We shall see, but as I said on the Arsecast the other day, let’s hope whatever happens, with all our transfers, happens quickly and we avoid the protracted sagas that have been the bane of many a summer. Footballing soap opera bullshit which, like Robbie Savage, is the most unseemly element of the game and really ought to put in a cloth sacked, weighed down with stones and fucked into a fast flowing river.

Some transfer rumours this morning involve Gonzalo Higuain, who is apparently available from Real Madrid, and Wigan’s James McCarthy, a player I know the manager has had his eye on for some time. The latter more likely than the former but still not that likely, in my opinion. It would require a Diabpature for it to be realistic, I think.

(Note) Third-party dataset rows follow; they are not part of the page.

lemma card_coprime_atLeastAtMost_approx:
  assumes "Q > 0"
  shows "\<bar>real (card {b \<in> {1..N}. coprime b Q}) - real N * totient Q / Q\<bar> \<le> Q"
proof -
  have totient: "card {b \<in> {1..Q}. coprime b Q} = totient Q"
    unfolding totient_def totatives_def by (rule arg_cong[where f = card]) auto
  have periodic: "coprime (b + Q) Q \<longleftrightarrow> coprime b Q" for b
    unfolding coprime_iff_gcd_eq_1 gcd_add1 ..
  show ?thesis
    using card_periodic_atLeastAtMost_approx[where P = "\<lambda>b. coprime b Q", OF assms periodic]
    unfolding totient .
qed

section \<open>Density of a single L_a\<close>

lemma count_ratio_altdef: "count_ratio S x = card (S \<inter> {1..nat \<lfloor>x\<rfloor>}) / x"
proof -
  have "real n \<le> x \<longleftrightarrow> n \<le> nat \<lfloor>x\<rfloor>" if "n \<ge> 1" for n
    using that by linarith
  then have "{n \<in> S. 1 \<le> n \<and> real n \<le> x} = S \<inter> {1..nat \<lfloor>x\<rfloor>}" by auto
  then show ?thesis unfolding count_ratio_def by simp
qed

lemma tendsto_count_ratio_if_bounded_error:
  assumes "\<forall>\<^sub>F x in at_top. \<bar>real (card (S \<inter> {1..nat \<lfloor>x\<rfloor>})) - c * x\<bar> \<le> C"
  shows "(count_ratio S \<longlongrightarrow> c) at_top"
proof (rule tendsto_sandwich)
  have "\<forall>\<^sub>F x in at_top. \<bar>count_ratio S x - c\<bar> \<le> C / x"
    using assms eventually_gt_at_top[of 0]
  proof eventually_elim
    case (elim x)
    then have "count_ratio S x - c = (real (card (S \<inter> {1..nat \<lfloor>x\<rfloor>})) - c * x) / x"
      by (simp add: count_ratio_altdef field_simps)
    with elim show ?case by (simp add: divide_right_mono)
  qed
  then show "\<forall>\<^sub>F x in at_top. c - C / x \<le> count_ratio S x" "\<forall>\<^sub>F x in at_top. count_ratio S x \<le> c + C / x"
    by (auto elim: eventually_mono)
  have "((\<lambda>x::real. C / x) \<longlongrightarrow> 0) at_top" by real_asymp
  from tendsto_diff[OF tendsto_const this] tendsto_add[OF tendsto_const this]
  show "((\<lambda>x. c - C / x) \<longlongrightarrow> c) at_top" "((\<lambda>x. c + C / x) \<longlongrightarrow> c) at_top" by simp_all
qed

lemma Lset_Int_atLeastAtMost:
  assumes "a > 0"
  shows "Lset a \<inter> {1..N} = (\<lambda>b. b * a) ` {b \<in> {1..N div a}. coprime b (primorial_below (Pmax a))}"
  unfolding Lset_eq_image_coprime using assms by (auto simp: less_eq_div_iff_mult_less_eq)

lemma card_Lset_Int_atLeastAtMost:
  assumes "a > 0"
  shows "card (Lset a \<inter> {1..N}) = card {b \<in> {1..N div a}. coprime b (primorial_below (Pmax a))}"
  unfolding Lset_Int_atLeastAtMost[OF assms] using assms by (intro card_image) (simp add: inj_on_def)

lemma card_Lset_Int_atLeastAtMost_le:
  assumes "a > 0"
  shows "card (Lset a \<inter> {1..N}) \<le> N div a"
proof -
  have "card {b \<in> {1..N div a}. coprime b (primorial_below (Pmax a))} \<le> card {1..N div a}"
    by (rule card_mono) auto
  then show ?thesis unfolding card_Lset_Int_atLeastAtMost[OF assms] by simp
qed

lemma nat_floor_div_approx:
  assumes "a > 0" "x \<ge> 0"
  shows "\<bar>real (nat \<lfloor>x\<rfloor> div a) - x / a\<bar> \<le> 2"
proof -
  define N where "N = nat \<lfloor>x\<rfloor>"
  define M where "M = N div a"
  have "M * a \<le> N" "Suc N \<le> (M + 1) * a" using assms(1) unfolding M_def
    by (simp_all add: Suc_le_eq dividend_less_div_times)
  then have "real M * a \<le> N" "N + 1 \<le> real M * a + a"
    using of_nat_mono[where 'a = real] by (fastforce simp: algebra_simps)+
  moreover have "N \<le> x" "x < N + 1" using assms(2) unfolding N_def by linarith+
  ultimately have "real M * a \<le> x" "x \<le> real M * a + 2 * a" by linarith+
  then show ?thesis using assms(1) unfolding M_def N_def by (simp add: abs_le_iff field_simps)
qed

lemma tendsto_count_ratio_Lset:
  assumes "a > 0"
  shows "(count_ratio (Lset a) \<longlongrightarrow> dL a) at_top"
proof (rule tendsto_count_ratio_if_bounded_error)
  define Q where "Q = primorial_below (Pmax a)"
  define d where "d = real (totient Q) / Q"
  have "Q > 0" unfolding Q_def by (rule primorial_below_pos)
  then have "0 \<le> d" "d \<le> 1" unfolding d_def by (simp_all add: totient_le)
  have dL: "dL a = d / a" unfolding dL_eq_totient_primorial_below d_def Q_def by simp
  show "\<forall>\<^sub>F x in at_top. \<bar>real (card (Lset a \<inter> {1..nat \<lfloor>x\<rfloor>})) - dL a * x\<bar> \<le> Q + 2"
    using eventually_ge_at_top[of 0]
  proof eventually_elim
    case (elim x)
    define M where "M = nat \<lfloor>x\<rfloor> div a"
    have "real M * d - dL a * x = d * (real M - x / a)" unfolding dL by (simp add: algebra_simps)
    then have "\<bar>real M * d - dL a * x\<bar> = d * \<bar>real M - x / a\<bar>"
      using \<open>0 \<le> d\<close> by (simp add: abs_mult)
    also have "\<dots> \<le> 1 * 2"
      using \<open>0 \<le> d\<close> \<open>d \<le> 1\<close> nat_floor_div_approx[OF assms elim] unfolding M_def
      by (intro mult_mono) simp_all
    finally have "\<bar>real M * d - dL a * x\<bar> \<le> 2" by simp
    moreover have "\<bar>real (card (Lset a \<inter> {1..nat \<lfloor>x\<rfloor>})) - real M * d\<bar> \<le> Q"
      using card_coprime_atLeastAtMost_approx[OF \<open>Q > 0\<close>, of M] assms
      unfolding card_Lset_Int_atLeastAtMost[OF assms] M_def d_def Q_def by simp
    ultimately show ?case by linarith
  qed
qed

lemma dL_nonneg: "0 \<le> dL a"
  by (simp add: dL_eq_totient_primorial_below)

Apparently Alex Song has had some kind of Nasri-esque bust up with Samuel Eto’o on international duty and been dismisssed from the Cameroon squad. I don’t have much interest in this, to be honest. I know some people might suggest that Song, being a young guy who has won precisely fuck all in his career, ought to be more respectful of a guy like Eto’o who has won quite a lot, but then who really gives a shit what any of them do on international duty?

Plus I can never think of Eto’o without thinking of this and it always makes me laugh. Any excuse, I know.

Bonus reading: Tim Stillman knows what this country really needs.

Till tomorrow, people who make a sound like a walrus having anal sex when they cry (there’s no short term for that, sorry).